Sunday, April 15, 2012

List: 22

Since quitting college I have struggled with accomplishments. Before, it was easy and almost obvious what the next step always was. Now, my future is a blank slate. It's just what I make of it, and the possibilities are overwhelming me. To be honest, they have been so completely overwhelming that it feels like I've been living a still life in a war zone. Opportunities have been hit or miss. I have just been letting life happen, and that's not necessarily the most enjoyable thing to do for an extended amount of time.

That said, I have adopted a new (new, to me) way of existence. I have made a bucket list and a List: 22 (List 22, is simply accomplishments I want while I am 22). It's easy for me to see the difference between July and the end of my life, but the in betweens are tricky. It's so necessary for me to make goals and stick to them to the best of my ability.

My bucket list seems a little personal to share at the moment, but here's the beginning of List: 22 .....

1. Learn how to ride a bike.
            (Not a motorcycle, a real bike) I can only ride straight, and every single time I try to turn on the      blasted thing I tip over. I'm not sure what my brain tells my body to do in that moment, but it's wrong and it must be corrected sooner rather than later.

2. Train and run in a HALF-MARATHON!
             This was not, necessarily, my idea. I have decided that it is a solid goal to staying healthy and have since adopted this insane goal.

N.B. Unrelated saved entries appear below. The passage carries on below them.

lemma normal_map_image:
  assumes "1 < a"
  shows "normal_map a ` ellipse a = ellipse a"
proof
  show "normal_map a ` ellipse a \<subseteq> ellipse a"
    using normal_map_in_ellipse assms by auto
next
  have a0: "a \<noteq> 0" using assms by auto
  show "ellipse a \<subseteq> normal_map a ` ellipse a"
  proof (clarify)
    fix X Y assume q: "(X, Y) \<in> ellipse a"
    show "(X, Y) \<in> normal_map a ` ellipse a"
    proof (cases "X = 0")
      case True
      have e: "(0, - Y) \<in> ellipse a" using q True by (simp add: ellipse_iff)
      have "normal_scale_y (a^2) 0 = -1" using a0 by (simp add: normal_scale_y_eq)
      hence "normal_map a (0, - Y) = (X, Y)" using normal_map_eq[OF a0 e] True by simp
      thus ?thesis using e by force
    next
      case False
      have "0 \<le> (X / a)^2" "(X / a)^2 \<le> 1" using ellipse_x_sq_le_1[OF q] by simp_all
      then obtain u where u: "0 \<le> u" "u \<le> 1" "normal_image_u (a^2) u = (X / a)^2"
        using IVT'[of "normal_image_u (a^2)" 0 "(X / a)^2" 1] continuous_on_normal_image_u[of "a^2"]
          normal_image_u_1[of "a^2"] a0 by auto
      moreover have "normal_scale_x (a^2) u \<noteq> 0"
        using u False a0 by (auto simp: normal_image_u_def)
      ultimately show ?thesis using normal_map_image_memI[OF assms q] by blast
    qed
  qed
qed

lemma inj_on_normal_map:
  assumes "1 < a" "a^2 \<le> 2"
  shows "inj_on (normal_map a) (ellipse a)"
proof (rule inj_onI)
  fix p1 p2 assume p1: "p1 \<in> ellipse a" and p2: "p2 \<in> ellipse a"
    and eq: "normal_map a p1 = normal_map a p2"
  obtain x1 y1 x2 y2 where p: "p1 = (x1, y1)" "p2 = (x2, y2)" by fastforce
  have a0: "a \<noteq> 0" and b1: "1 < a^2" using assms by auto
  define u1 u2 where "u1 = (x1 / a)^2" and "u2 = (x2 / a)^2"
  have u: "u1 \<in> {0..1}" "u2 \<in> {0..1}"
    using ellipse_x_sq_le_1 p1 p2 p by (auto simp: u1_def u2_def)
  have x: "x1 * normal_scale_x (a^2) u1 = x2 * normal_scale_x (a^2) u2"
    and y: "y1 * normal_scale_y (a^2) u1 = y2 * normal_scale_y (a^2) u2"
    using eq normal_map_eq[OF a0] p1 p2 by (simp_all add: p u1_def u2_def)
  have "normal_image_u (a^2) ((x / a)^2) = (x * normal_scale_x (a^2) ((x / a)^2) / a)^2" for x
    by (simp add: normal_image_u_def power_mult_distrib power_divide)
  hence "normal_image_u (a^2) u1 = normal_image_u (a^2) u2"
    using x by (simp add: u1_def u2_def)
  hence "u1 = u2"
    using strict_mono_on_imp_inj_on[OF normal_image_u_strict_mono[OF b1 assms(2)]] u
    by (auto dest: inj_onD)
  moreover have "normal_scale_y (a^2) u2 \<noteq> 0" using normal_scale_y_neg[OF b1] u by force
  moreover have "x1 = x2"
  proof (cases "u2 = 0")
    case True
    thus ?thesis using \<open>u1 = u2\<close> a0 by (simp add: u1_def u2_def)
  next
    case False
    hence "normal_scale_x (a^2) u2 \<noteq> 0" using normal_scale_x_neg[OF b1 assms(2)] u by force
    thus ?thesis using x \<open>u1 = u2\<close> by simp
  qed
  ultimately show "p1 = p2" using y p by simp
qed

lemma normal_map_not_inj_on:
  assumes "2 < a^2"
  shows "\<not> inj_on (normal_map a) (ellipse a)"
proof
  assume inj: "inj_on (normal_map a) (ellipse a)"
  have a0: "a \<noteq> 0" using assms by auto
  define y0 where "y0 = 1 / (a^2 - 1)"
  have y0: "0 < y0" "y0 < 1" using assms by (auto simp: y0_def field_simps)
  define x0 where "x0 = a * sqrt (1 - y0^2)"
  have "y0^2 < 1" using y0 by (simp add: power_less_one_iff)
  hence "x0 \<noteq> 0" and p0: "(x0, y0) \<in> ellipse a"
    using a0 by (simp_all add: x0_def ellipse_iff power_mult_distrib)
  have top: "(0, 1) \<in> ellipse a" and bottom: "(0, -1) \<in> ellipse a"
    by (simp_all add: ellipse_iff)
  have "y0 + (- (a^2)) * y0 = -1" using assms by (simp add: y0_def field_simps)
  hence "(0, -1) \<in> normal_line a (x0, y0)"
    unfolding normal_line_def using a0 by (auto intro!: exI[of _ "- (a^2)"])
  hence "normal_map a (x0, y0) = (0, -1)"
    using normal_map_eqI[OF a0 p0 _ bottom] y0 by auto
  moreover have "(0, -1) \<in> normal_line a (0, 1)"
    unfolding normal_line_def by (auto intro!: exI[of _ "-2"])
  hence "normal_map a (0, 1) = (0, -1)"
    using normal_map_eqI[OF a0 top _ bottom] by auto
  ultimately have "(x0, y0) = (0, 1)" using inj_onD[OF inj _ p0 top] by simp
  thus False using \<open>x0 \<noteq> 0\<close> by simp
qed

theorem mainTheorem14:
  fixes a :: real
  assumes "a > 1"
  shows "bij_betw (normal_map a) (ellipse a) (ellipse a) \<longleftrightarrow> a \<le> sqrt 2"
proof -
  have "a \<le> sqrt 2 \<longleftrightarrow> a^2 \<le> 2" using assms real_sqrt_le_iff[of "a^2" 2] by simp
  moreover have "inj_on (normal_map a) (ellipse a) \<longleftrightarrow> a^2 \<le> 2"
    using inj_on_normal_map normal_map_not_inj_on assms by (meson not_le)
  ultimately show ?thesis using normal_map_image[OF assms] by (simp add: bij_betw_def)
qed

end
lemma exists_gt_1_mult_square_less:
  fixes \<alpha> \<beta> :: real
  assumes "0 \<le> \<alpha>" "\<alpha> < \<beta>"
  shows "\<exists>t>1. \<alpha> * (t * t) < \<beta>"
proof (cases "\<alpha> = 0")
  case True
  then show ?thesis using assms by (intro exI[of _ 2]) auto
next
  case False
  then have "0 < \<alpha>" using assms by simp
  define t where "t = sqrt ((\<alpha> + \<beta>) / (2 * \<alpha>))"
  have "1 < (\<alpha> + \<beta>) / (2 * \<alpha>)" using \<open>0 < \<alpha>\<close> assms by simp
  then have "1 < t" "t * t = (\<alpha> + \<beta>) / (2 * \<alpha>)" unfolding t_def using \<open>0 < \<alpha>\<close> assms by simp_all
  moreover have "\<alpha> * ((\<alpha> + \<beta>) / (2 * \<alpha>)) < \<beta>" using \<open>0 < \<alpha>\<close> assms by simp
  ultimately show ?thesis by auto
qed
(* Let $k>8$ be an integer, let $\theta=2\pi/k$, and let $\lambda>0$ be a real number such that $\cos\theta-\sin\theta>\frac{1}{\lambda+1}$. Let $G=(V,E)$ be a $\lambda$-civilized unit disk graph, and let $YY_k$ be the Yao-Yao graph of $G$ (defined in the context). Then for every real $t\ge \frac{\lambda}{(\lambda+1)(\cos\theta-\sin\theta)-1}$, the graph $YY_k$ is a length $t$-spanner of $G$.
   Context: Unit disk graph (UDG): $V$ is a finite set of points in the Euclidean plane and $E=\{uv: u,v\in V,\ u\neq v,\ |uv|\le 1\}$, where $|uv|$ is Euclidean distance; $G$ is assumed connected. $G$ is $\lambda$-civilized if no two nodes of $V$ are at distance smaller than $\lambda$. A subgraph $H$ of $G$ on the same vertex set is a length $t$-spanner of $G$ if for all $u,v\in V$ the length (sum of Euclidean edge lengths) of a shortest $uv$-path in $H$ is at most $t$ times the length of a shortest $uv$-path in $G$. Cones: for each point $u$, the plane is partitioned into $k$ cones with apex $u$, each of angle $\theta=2\pi/k$, bounded by $k$ equally spaced rays from $u$ (the same ray directions at every node); each cone is half-open, half-closed. $K_u(v)$ denotes the cone with apex $u$ containing $v$. An edge $uw$ incident to $u$ lies in a cone $K_u$ if $w\in K_u$. Identifiers: each node has a distinct identifier $\mathrm{ID}(u)$. For a directed edge $\overrightarrow{uv}$, $\mathrm{ID}(\overrightarrow{uv})=(|uv|,\mathrm{ID}(u),\mathrm{ID}(v))$, compared lexicographically; for an undirected edge, $\mathrm{ID}(uv)=\min\{\mathrm{ID}(\overrightarrow{uv}),\mathrm{ID}(\overrightarrow{vu})\}$. Yao step: $E_Y=\emptyset$; for each node $u$ and each cone $K_u$ such that some edge of $E$ incident to $u$ lies in $K_u$, pick the edge $uv$ of $E$ lying in $K_u$ with lowest $\mathrm{ID}(uv)$ and add the directed edge $\overrightarrow{uv}$ to $E_Y$. The Yao graph is $Y_k=(V,E_Y)$. Reverse Yao step: start with $E_{YY}=E_Y$; for each node $v$ and each cone $K_v$, among all edges $\overrightarrow{uv}\in E_Y$ with sink $v$ and $u\in K_v$, delete all from $E_{YY}$ except the one with smallest ID. The Yao-Yao graph $YY_k=(V,E_{YY})$ is viewed as an undirected graph. *)

theory Defs
  imports Complex_Main
begin

text \<open>Points of the Euclidean plane are modelled as complex numbers; dist is Euclidean distance.\<close>

definition udg_edges :: "complex set \<Rightarrow> (complex \<times> complex) set" where
  "udg_edges V = {(u, v). u \<in> V \<and> v \<in> V \<and> u \<noteq> v \<and> dist u v \<le> 1}"

definition civilized :: "real \<Rightarrow> complex set \<Rightarrow> bool" where
  "civilized lam V \<longleftrightarrow> (\<forall>u\<in>V. \<forall>v\<in>V. u \<noteq> v \<longrightarrow> lam \<le> dist u v)"

fun is_walk :: "(complex \<times> complex) set \<Rightarrow> complex list \<Rightarrow> bool" where
  "is_walk E [] = False"
| "is_walk E [x] = True"
| "is_walk E (x # y # xs) = ((x, y) \<in> E \<and> is_walk E (y # xs))"

definition walk_from_to :: "(complex \<times> complex) set \<Rightarrow> complex list \<Rightarrow> complex \<Rightarrow> complex \<Rightarrow> bool" where
  "walk_from_to E p u v \<longleftrightarrow> is_walk E p \<and> hd p = u \<and> last p = v"

fun walk_len :: "complex list \<Rightarrow> real" where
  "walk_len [] = 0"
| "walk_len [x] = 0"
| "walk_len (x # y # xs) = dist x y + walk_len (y # xs)"

definition connected_on :: "complex set \<Rightarrow> (complex \<times> complex) set \<Rightarrow> bool" where
  "connected_on V E \<longleftrightarrow> (\<forall>u\<in>V. \<forall>v\<in>V. \<exists>p. walk_from_to E p u v)"

text \<open>Length of a shortest uv-path (infimum of walk lengths; attained since simple paths suffice).\<close>
definition sp_len :: "(complex \<times> complex) set \<Rightarrow> complex \<Rightarrow> complex \<Rightarrow> real" where
  "sp_len E u v = Inf (walk_len ` {p. walk_from_to E p u v})"

definition length_spanner :: "complex set \<Rightarrow> (complex \<times> complex) set \<Rightarrow> (complex \<times> complex) set \<Rightarrow> real \<Rightarrow> bool" where
  "length_spanner V H E t \<longleftrightarrow>
     (\<forall>u\<in>V. \<forall>v\<in>V. (\<exists>p. walk_from_to H p u v) \<and> sp_len H u v \<le> t * sp_len E u v)"

text \<open>Cones: k cones of angle 2pi/k, bounded by rays at directions alpha + i*2pi/k (same at every node).
  The cone with apex u containing v has index floor(k * frac((arg(v-u) - alpha)/(2pi))),
  i.e. cone i is the half-open angular range [alpha + i theta, alpha + (i+1) theta).\<close>
definition cone_idx :: "nat \<Rightarrow> real \<Rightarrow> complex \<Rightarrow> complex \<Rightarrow> int" where
  "cone_idx k alpha u v = \<lfloor>real k * frac ((Arg (v - u) - alpha) / (2 * pi))\<rfloor>"

definition lex_le :: "real \<times> nat \<times> nat \<Rightarrow> real \<times> nat \<times> nat \<Rightarrow> bool" where
  "lex_le a b \<longleftrightarrow> (case a of (d1, i1, j1) \<Rightarrow> case b of (d2, i2, j2) \<Rightarrow>
      d1 < d2 \<or> (d1 = d2 \<and> (i1 < i2 \<or> (i1 = i2 \<and> j1 \<le> j2))))"

definition lex_min :: "real \<times> nat \<times> nat \<Rightarrow> real \<times> nat \<times> nat \<Rightarrow> real \<times> nat \<times> nat" where
  "lex_min a b = (if lex_le a b then a else b)"

definition dir_edge_id :: "(complex \<Rightarrow> nat) \<Rightarrow> complex \<Rightarrow> complex \<Rightarrow> real \<times> nat \<times> nat" where
  "dir_edge_id ID u v = (dist u v, ID u, ID v)"

definition edge_id :: "(complex \<Rightarrow> nat) \<Rightarrow> complex \<Rightarrow> complex \<Rightarrow> real \<times> nat \<times> nat" where
  "edge_id ID u v = lex_min (dir_edge_id ID u v) (dir_edge_id ID v u)"

definition yao_edges :: "nat \<Rightarrow> real \<Rightarrow> (complex \<Rightarrow> nat) \<Rightarrow> complex set \<Rightarrow> (complex \<times> complex) set" where
  "yao_edges k alpha ID V = {(u, v). (u, v) \<in> udg_edges V \<and>
     (\<forall>w. (u, w) \<in> udg_edges V \<and> cone_idx k alpha u w = cone_idx k alpha u v
          \<longrightarrow> lex_le (edge_id ID u v) (edge_id ID u w))}"

definition yao_yao_dir :: "nat \<Rightarrow> real \<Rightarrow> (complex \<Rightarrow> nat) \<Rightarrow> complex set \<Rightarrow> (complex \<times> complex) set" where
  "yao_yao_dir k alpha ID V = {(u, v). (u, v) \<in> yao_edges k alpha ID V \<and>
     (\<forall>w. (w, v) \<in> yao_edges k alpha ID V \<and> cone_idx k alpha v w = cone_idx k alpha v u
          \<longrightarrow> lex_le (edge_id ID u v) (edge_id ID w v))}"

definition yao_yao_edges :: "nat \<Rightarrow> real \<Rightarrow> (complex \<Rightarrow> nat) \<Rightarrow> complex set \<Rightarrow> (complex \<times> complex) set" where
  "yao_yao_edges k alpha ID V = yao_yao_dir k alpha ID V \<union> (yao_yao_dir k alpha ID V)\<inverse>"

end

theory Submission
  imports Defs "HOL-Library.Product_Lexorder"
begin

text \<open>
  Induct on the edges of the unit disk graph ordered by ID: every edge uv of length at most 1
  is joined in YY by a walk of length at most t|uv| - (t - 1)\<lambda>.  If uv is not kept by the
  Yao-Yao construction, then (possibly after swapping u and v) some edge uw with lower ID lies in
  the cone of u containing v.  Then |uw| \<le> |uv|, and since the angle wuv is at most \<theta>,
  |wv| \<le> |uv| - (cos \<theta> - sin \<theta>)|uw| < |uv|, so uw and wv are smaller edges.  Concatenating
  their walks costs t|uv| - (t - 1)\<lambda> + [t(1 - (cos \<theta> - sin \<theta>))|uw| - (t - 1)\<lambda>], and the
  bracket is non-positive because |uw| \<le> 1 and t(1 - (cos \<theta> - sin \<theta>)) \<le> (t - 1)\<lambda>, which is
  where the bound on t comes from.  Concatenating along shortest paths of G gives the spanner
  property.
\<close>

lemma lex_le_iff_le: "lex_le a b \<longleftrightarrow> a \<le> b"
  by (cases a; cases b) (auto simp: lex_le_def)

lemma lex_min_eq_min: "lex_min a b = min a b"
  unfolding lex_min_def lex_le_iff_le min_def ..

lemma edge_id_commute: "edge_id ID u v = edge_id ID v u"
  unfolding edge_id_def lex_min_eq_min by (simp add: min.commute)

lemma fst_edge_id [simp]: "fst (edge_id ID u v) = dist u v"
  unfolding edge_id_def lex_min_eq_min dir_edge_id_def by (simp add: min_def dist_commute)

lemma dist_le_if_edge_id_less: "edge_id ID u v < edge_id ID x y \<Longrightarrow> dist u v \<le> dist x y"
  using fst_edge_id[of ID u v] fst_edge_id[of ID x y] by (auto simp: less_prod_def')

lemma edge_id_less_if_dist_less: "dist u v < dist x y \<Longrightarrow> edge_id ID u v < edge_id ID x y"
  by (simp add: less_prod_def')

lemma sym_udg_edges: "sym (udg_edges V)"
  unfolding udg_edges_def sym_def by (auto simp: dist_commute)

lemma sym_yao_yao_edges: "sym (yao_yao_edges k alpha ID V)"
  unfolding yao_yao_edges_def sym_def by auto

lemma udg_edge_not_in_yao_yao_dirE:
  assumes "(u, v) \<in> udg_edges V" "(u, v) \<notin> yao_yao_dir k alpha ID V"
  obtains w where "(u, w) \<in> udg_edges V" "cone_idx k alpha u w = cone_idx k alpha u v"
      "edge_id ID u w < edge_id ID u v"
    | w where "(v, w) \<in> udg_edges V" "cone_idx k alpha v w = cone_idx k alpha v u"
      "edge_id ID v w < edge_id ID v u"
  using assms sym_udg_edges[of V]
  unfolding yao_yao_dir_def yao_edges_def lex_le_iff_le not_le[symmetric]
  by (auto simp: edge_id_commute[of ID _ v] sym_def)

definition walk_within :: "(complex \<times> complex) set \<Rightarrow> complex \<Rightarrow> complex \<Rightarrow> real \<Rightarrow> bool" where
  "walk_within H u v l \<longleftrightarrow> (\<exists>p. walk_from_to H p u v \<and> walk_len p \<le> l)"

lemma walk_len_nonneg: "0 \<le> walk_len p"
  by (induction p rule: walk_len.induct) auto

lemma is_walk_append:
  "is_walk H p \<Longrightarrow> is_walk H q \<Longrightarrow> last p = hd q \<Longrightarrow>
   is_walk H (p @ tl q) \<and> walk_len (p @ tl q) = walk_len p + walk_len q"
proof (induction p rule: walk_len.induct)
  case (2 x)
  then show ?case by (cases q) auto
qed auto

lemma walk_within_refl: "walk_within H u u 0"
  unfolding walk_within_def walk_from_to_def by (intro exI[of _ "[u]"]) simp

lemma walk_within_edge: "(u, v) \<in> H \<Longrightarrow> walk_within H u v (dist u v)"
  unfolding walk_within_def walk_from_to_def by (intro exI[of _ "[u, v]"]) simp

lemma walk_within_mono: "walk_within H u v l \<Longrightarrow> l \<le> l' \<Longrightarrow> walk_within H u v l'"
  unfolding walk_within_def by force

lemma walk_within_trans:
  assumes "walk_within H u v l" "walk_within H v w l'"
  shows "walk_within H u w (l + l')"
proof -
  obtain p q where p: "walk_from_to H p u v" "walk_len p \<le> l"
    and q: "walk_from_to H q v w" "walk_len q \<le> l'"
    using assms unfolding walk_within_def by blast
  have "p \<noteq> []" "q \<noteq> []" using p(1) q(1) unfolding walk_from_to_def by auto
  then have "walk_from_to H (p @ tl q) u w \<and> walk_len (p @ tl q) = walk_len p + walk_len q"
    using p(1) q(1) is_walk_append[of H p q] unfolding walk_from_to_def by (cases q) auto
  then show ?thesis
    unfolding walk_within_def using p(2) q(2) by (intro exI[of _ "p @ tl q"]) auto
qed

lemma walk_within_sym:
  assumes "sym H" "walk_within H u v l"
  shows "walk_within H v u l"
proof -
  have "is_walk H (rev p) \<and> walk_len (rev p) = walk_len p" if "is_walk H p" for p
    using that
  proof (induction p rule: walk_len.induct)
    case (3 x y xs)
    then have "is_walk H [y, x]" using \<open>sym H\<close> by (auto dest: symD)
    with 3 show ?case
      using is_walk_append[of H "rev (y # xs)" "[y, x]"] by (simp add: dist_commute)
  qed auto
  with assms(2) show ?thesis
    unfolding walk_within_def walk_from_to_def by (metis hd_rev last_rev rev_is_Nil_conv is_walk.simps(1))
qed

lemma walk_within_if_walk:
  assumes "\<And>x y. (x, y) \<in> E \<Longrightarrow> walk_within H x y (t * dist x y)" "walk_from_to E p u v"
  shows "walk_within H u v (t * walk_len p)"
proof -
  have "is_walk E p \<Longrightarrow> walk_within H (hd p) (last p) (t * walk_len p)"
  proof (induction p rule: walk_len.induct)
    case (3 x y xs)
    then have "walk_within H x (last (y # xs)) (t * dist x y + t * walk_len (y # xs))"
      using assms(1) walk_within_trans by fastforce
    then show ?case by (simp add: distrib_left)
  qed (auto simp: walk_within_refl)
  with assms(2) show ?thesis unfolding walk_from_to_def by blast
qed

3. Finish writing & begin to record an EP.
              This goal seems to keep getting pushed back, but it's something I desire and I have to make it happen. The tricky part about it is having time to be creative. I know, it's silly. I work part-time, barely, and I travel on a whim. You would think that I lived in creative space, but I don't. When I am at home my mind is on task-mode. Task-mode and creative-mode are not friends in my brain. I'm the sit on a rooftop and stare at the sunset kind of person. I require that kind of time, and this goal is going to be so difficult for me to stick to if I don't start making time to be creative.

4. Save and savor.
            I have lived a wasteful life. I have wasted time, money, and relationships. It's time to enjoy what I have, and live on a little less. I've cut down my ridiculous Starbucks habit, I've traveled on second-though and not whim, and I'm getting better at the whole save thing. It's just never enough. I have to learn to savor the moment and let my life feel stretched to it's fullest potential.


It's simple, but there it is. Four silly little goals to reach before the dreaded 23.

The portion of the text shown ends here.